Oh...one thing I'd love to do is have a haunted trail. We have an old snowmobile trail running through our property, but I'd need major help to clear it out. By October it's pretty much overgrown. It would also take like minded individuals to help me with it, and sadly, they are few and far between around here. Heck, TOT-ing is pretty dead around here.


----------



## Nightshade (Feb 26, 2005)

I'm with Hella and Vlad. My love of Halloween came from the total change into the fall season in Indiana. Trick or Treating gave me many great memories. Tho people didn't decorate to the extent that we on the forum do, the neighbors had jack o lanterns on their door steps and cardboard skellies on their doors with an occasional black cat. I want to recreate that memory for the neighborhood kids today and like Hella I want to have the coolest house in the neighborhood. So no, I probably will never do a walk through haunt since I do 100 per cent of the building and 95 percent of the setting up but my yard displays get more complicated and expensive to produce each year. The kids in this neck of the woods expect it and they know when I work in the garage during the very hot days of summer that it is Halloween I'm creating. Kind of like a mad scientist in the lab.


----------



## grim reaper (Aug 18, 2005)

i would like to move to america or stay here and run a pro haunt or work on the movies or tv making props.


----------



## roadkill (May 11, 2006)

Personally I enjoy meeting all kinds of people through haunting. Both the haunt makers and the visitors. I have loved all the comments of appreciation and astonishment at all we do (only going on our third year). I've already got some kids (and adults) who say they can't wait to see what I do the next time.
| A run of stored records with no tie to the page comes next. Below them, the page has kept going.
lemma gram_det_swap:
  assumes "i < m" "j < m"
  shows "gram_det (v \<circ> Transposition.transpose i j) m = gram_det v m"
proof (cases "i = j")
  case False
  have "gram_mat (v \<circ> Transposition.transpose i j) m = swapcols i j (swaprows i j (gram_mat v m))"
    by (rule eq_matI) (use assms in \<open>auto simp: transpose_def\<close>)
  then show ?thesis
    unfolding gram_det_eq_det_gram_mat using assms False by (simp add: det_swaprows det_swapcols)
qed simp

lemma gram_det_Suc_orthogonal:
  assumes "\<And>i. i < m \<Longrightarrow> inner (v i) (v m) = 0"
  shows "gram_det v (Suc m) = gram_det v m * inner (v m) (v m)"
proof -
  let ?A = "gram_mat v (Suc m)"
  have "Determinant.det ?A = (\<Sum>i<Suc m. ?A $$ (i,m) * cofactor ?A i m)"
    by (rule laplace_expansion_column) auto
  also have "\<dots> = ?A $$ (m,m) * cofactor ?A m m"
    by (simp add: assms)
  also have "mat_delete ?A m m = gram_mat v m"
    by (rule eq_matI) (auto simp: mat_delete_def)
  then have "cofactor ?A m m = Determinant.det (gram_mat v m)"
    by (simp add: cofactor_def)
  finally show ?thesis by (simp add: gram_det_eq_det_gram_mat)
qed

lemma gso_spec:
  fixes b :: "nat \<Rightarrow> 'a::euclidean_space"
  shows "b i - gso b i \<in> span (b ` {..<i})"
    and "x \<in> span (b ` {..<i}) \<Longrightarrow> inner (gso b i) x = 0"
proof -
  let ?S = "span (b ` {..<i})"
  let ?P = "\<lambda>y. b i - y \<in> ?S \<and> (\<forall>x\<in>?S. inner y x = 0)"
  obtain y z where "y \<in> ?S" "\<And>w. w \<in> ?S \<Longrightarrow> real_inner_class.orthogonal z w"
    "b i = y + z"
    using orthogonal_subspace_decomp_exists[of "b ` {..<i}" "b i"] by blast
  then have z: "?P z" by (auto simp: real_inner_class.orthogonal_def)
  have unique: "z' = z" if z': "?P z'" for z'
  proof -
    have "z' - z = (b i - z) - (b i - z')" by simp
    then have "z' - z \<in> ?S" using z z' by (metis span_diff)
    then have "inner (z' - z) (z' - z) = 0"
      using z z' by (simp add: inner_diff_left)
    then show ?thesis by simp
  qed
  have "?P (gso b i)" unfolding gso_def by (rule theI[of ?P z, OF z unique])
  then show "b i - gso b i \<in> ?S" "x \<in> ?S \<Longrightarrow> inner (gso b i) x = 0" by auto
qed

lemma gram_det_add_span:
  fixes v :: "nat \<Rightarrow> 'a::euclidean_space"
  assumes "w \<in> span (v ` {..<m})"
  shows "gram_det (v(m := v m + w)) (Suc m) = gram_det v (Suc m)"
  using assms
proof (induction w rule: span_induct_alt)
  case (step q x y)
  then obtain i where i: "i < m" "x = v i" by auto
  let ?v = "v(m := v m + y)"
  have "v(m := v m + (q *\<^sub>R x + y)) = ?v(m := ?v m + q *\<^sub>R ?v i)"
    using i by (auto simp: algebra_simps)
  then have "gram_det (v(m := v m + (q *\<^sub>R x + y))) (Suc m) = gram_det ?v (Suc m)"
    using i gram_det_add_multiple[of i "Suc m" m ?v q] by simp
  also have "\<dots> = gram_det v (Suc m)" using step by (simp add: fun_upd_def)
  finally show ?case .
qed simp

lemma gram_det_Suc:
  fixes v :: "nat \<Rightarrow> 'a::euclidean_space"
  shows "gram_det v (Suc m) = gram_det v m * (norm (gso v m))\<^sup>2"
proof -
  let ?v = "v(m := gso v m)"
  have "gso v m - v m \<in> span (v ` {..<m})"
    using span_neg[OF gso_spec(1)] by simp
  then have "gram_det v (Suc m) = gram_det ?v (Suc m)"
    using gram_det_add_span[of "gso v m - v m" v m] by simp
  also have "\<dots> = gram_det ?v m * inner (gso v m) (gso v m)"
  proof -
    have "inner (?v i) (?v m) = 0" if "i < m" for i
      using that gso_spec(2)[of "v i" v m] by (simp add: inner_commute span_base)
    then show ?thesis using gram_det_Suc_orthogonal[of m ?v] by simp
  qed
  also have "gram_det ?v m = gram_det v m" by (rule gram_det_cong) simp
  finally show ?thesis by (simp add: power2_norm_eq_inner)
qed

lemma gram_det_nonzero:
  fixes c :: "nat \<Rightarrow> 'a::euclidean_space"
  shows "lin_indep_family c l \<Longrightarrow> gram_det c l \<noteq> 0"
proof (induction l)
  case (Suc s)
  have inj: "inj_on c {..<Suc s}" and ind: "independent (c ` {..<Suc s})"
    using Suc.prems by (auto simp: lin_indep_family_def)
  have "lin_indep_family c s"
    unfolding lin_indep_family_def
    using inj_on_subset[OF inj] independent_mono[OF ind] by (auto simp: image_mono)
  then have "gram_det c s \<noteq> 0" by (rule Suc.IH)
  moreover have "c ` {..<Suc s} - {c s} = c ` {..<s}"
    using inj by (auto simp: inj_on_def less_Suc_eq)
  then have "c s \<notin> span (c ` {..<s})"
    using ind unfolding dependent_def by (metis image_eqI lessI lessThan_iff)
  then have "gso c s \<noteq> 0" using gso_spec(1)[of c s] by auto
  ultimately show ?case by (simp add: gram_det_Suc)
qed simp

lemma lattice_gen_0 [simp]: "lattice_gen b 0 = {0}"
  unfolding lattice_gen_def by simp

lemma lattice_gen_zero: "0 \<in> lattice_gen b m"
  unfolding lattice_gen_def by (auto intro: exI[of _ "\<lambda>_. 0"])

lemma lattice_gen_add:
  assumes "x \<in> lattice_gen b m" "y \<in> lattice_gen b m"
  shows "x + y \<in> lattice_gen b m"
proof -
  obtain zx zy where "x = (\<Sum>i<m. of_int (zx i) *\<^sub>R b i)" "y = (\<Sum>i<m. of_int (zy i) *\<^sub>R b i)"
    using assms unfolding lattice_gen_def by blast
  then have "x + y = (\<Sum>i<m. of_int (zx i + zy i) *\<^sub>R b i)"
    by (simp add: sum.distrib scaleR_add_left)
  then show ?thesis unfolding lattice_gen_def by (metis (mono_tags) mem_Collect_eq)
qed

lemma lattice_gen_scale_int:
  assumes "x \<in> lattice_gen b m"
  shows "of_int q *\<^sub>R x \<in> lattice_gen b m"
proof -
  obtain z where "x = (\<Sum>i<m. of_int (z i) *\<^sub>R b i)"
    using assms unfolding lattice_gen_def by blast
  then have "of_int q *\<^sub>R x = (\<Sum>i<m. of_int (q * z i) *\<^sub>R b i)"
    by (simp add: scaleR_sum_right)
  then show ?thesis unfolding lattice_gen_def by (metis (mono_tags) mem_Collect_eq)
qed

lemma lattice_gen_generator:
  assumes "i < m"
  shows "b i \<in> lattice_gen b m"
proof -
  have "(\<Sum>j<m. of_int (if j = i then 1 else 0) *\<^sub>R b j) = (\<Sum>j<m. if j = i then b j else 0)"
    by (rule sum.cong) auto
  also have "\<dots> = b i" using assms by (simp add: sum.delta')
  finally have "b i = (\<Sum>j<m. of_int (if j = i then 1 else 0) *\<^sub>R b j)" by simp
  then show ?thesis unfolding lattice_gen_def by (metis (mono_tags) mem_Collect_eq)
qed

lemma lattice_gen_subset:
  assumes "\<forall>i<m. v i \<in> lattice_gen b n"
  shows "lattice_gen v m \<subseteq> lattice_gen b n"
proof
  fix x assume "x \<in> lattice_gen v m"
  then obtain z where x: "x = (\<Sum>i<m. of_int (z i) *\<^sub>R v i)"
    unfolding lattice_gen_def by blast
  have "(\<Sum>i<m'. of_int (z i) *\<^sub>R v i) \<in> lattice_gen b n" if "m' \<le> m" for m'
    using that
    by (induction m') (auto simp: lattice_gen_zero assms lattice_gen_add lattice_gen_scale_int)
  then show "x \<in> lattice_gen b n" using x by blast
qed

lemma lattice_gen_mono: "m \<le> m' \<Longrightarrow> lattice_gen b m \<subseteq> lattice_gen b m'"
  by (rule lattice_gen_subset) (auto intro: lattice_gen_generator)

lemma lattice_gen_subset_span: "lattice_gen b m \<subseteq> span (b ` {..<m})"
proof
  fix x assume "x \<in> lattice_gen b m"
  then obtain z where "x = (\<Sum>i<m. of_int (z i) *\<^sub>R b i)"
    unfolding lattice_gen_def by blast
  then show "x \<in> span (b ` {..<m})"
    by (metis (no_types, lifting) image_eqI lessThan_iff span_base span_scale span_sum)
qed

lemma lattice_gen_Suc_elim:
  assumes "x \<in> lattice_gen b (Suc m)"
  shows "\<exists>q::int. x - of_int q *\<^sub>R b m \<in> lattice_gen b m"
proof -
  obtain z where "x = (\<Sum>i<Suc m. of_int (z i) *\<^sub>R b i)"
    using assms unfolding lattice_gen_def by blast
  then have "x - of_int (z m) *\<^sub>R b m = (\<Sum>i<m. of_int (z i) *\<^sub>R b i)" by simp
  then show ?thesis unfolding lattice_gen_def by blast
qed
For me it's all about learning new techniques and putting out a display that folks enjoy. I did entertain notions of having a "pro" haunt at some point but after finding out about all the additional costs and headaches just to make enough - it's amazing how any pro haunt survives until they are "big time".

I will eventually get to pneumatics but am quite happy with my small motorized props and building static scenes. I have found that I am surprised at the progression in my prop making. Starting out with stuffed dummies with a mask to painting latex and making things move.

I have no plans on making a walk-through haunt for my home - just not enough space. Eventually I'd like to have several acres where I can have a dedicated structure as a workshop/haunt with space on the outside to entertain the TOTs.

As for the personal outlay for the expenses - I try to build up gradually. This year I have picked up a few new items and will build a few more so I can add to the cemetery in pieces.


----------



## Merlin (The Quiet One) (Feb 23, 2006)

My haunt has evolved from just yard decorations to include a walk thru under the carport. This year the walk thru will be expanded to include a newly added garage area. I build and set up everything while hubby puts up lighting. The display grows larger each year but I have no plans for anything pro. I do it because I enjoy it as much or more than the kids and parents who come every year.


----------



## Empress Nightshade (Jul 25, 2004)

Goodness,

this is something that I really hadn't thought about. I mean, my haunting destiny has always taken it's own course and I have followed it.
I've been haunting for over 30 years, myself. After 2004, I knew it was time for me to make a move and I did. I went Pro Charity in 2005. I currently have a 2000+ square foot haunt that's build with plywood outdoors (No roof) and mega sq. footage of Haunted Trail that follows. All of this is on the huge grounds surrounding my home. 
I guess I'm leading to a bigger and better Haunt. That would include leaving where we are now and finding a building for us to inhabitat. But again, this is something that my haunting destiny itself is making me do since I've outgrown this place.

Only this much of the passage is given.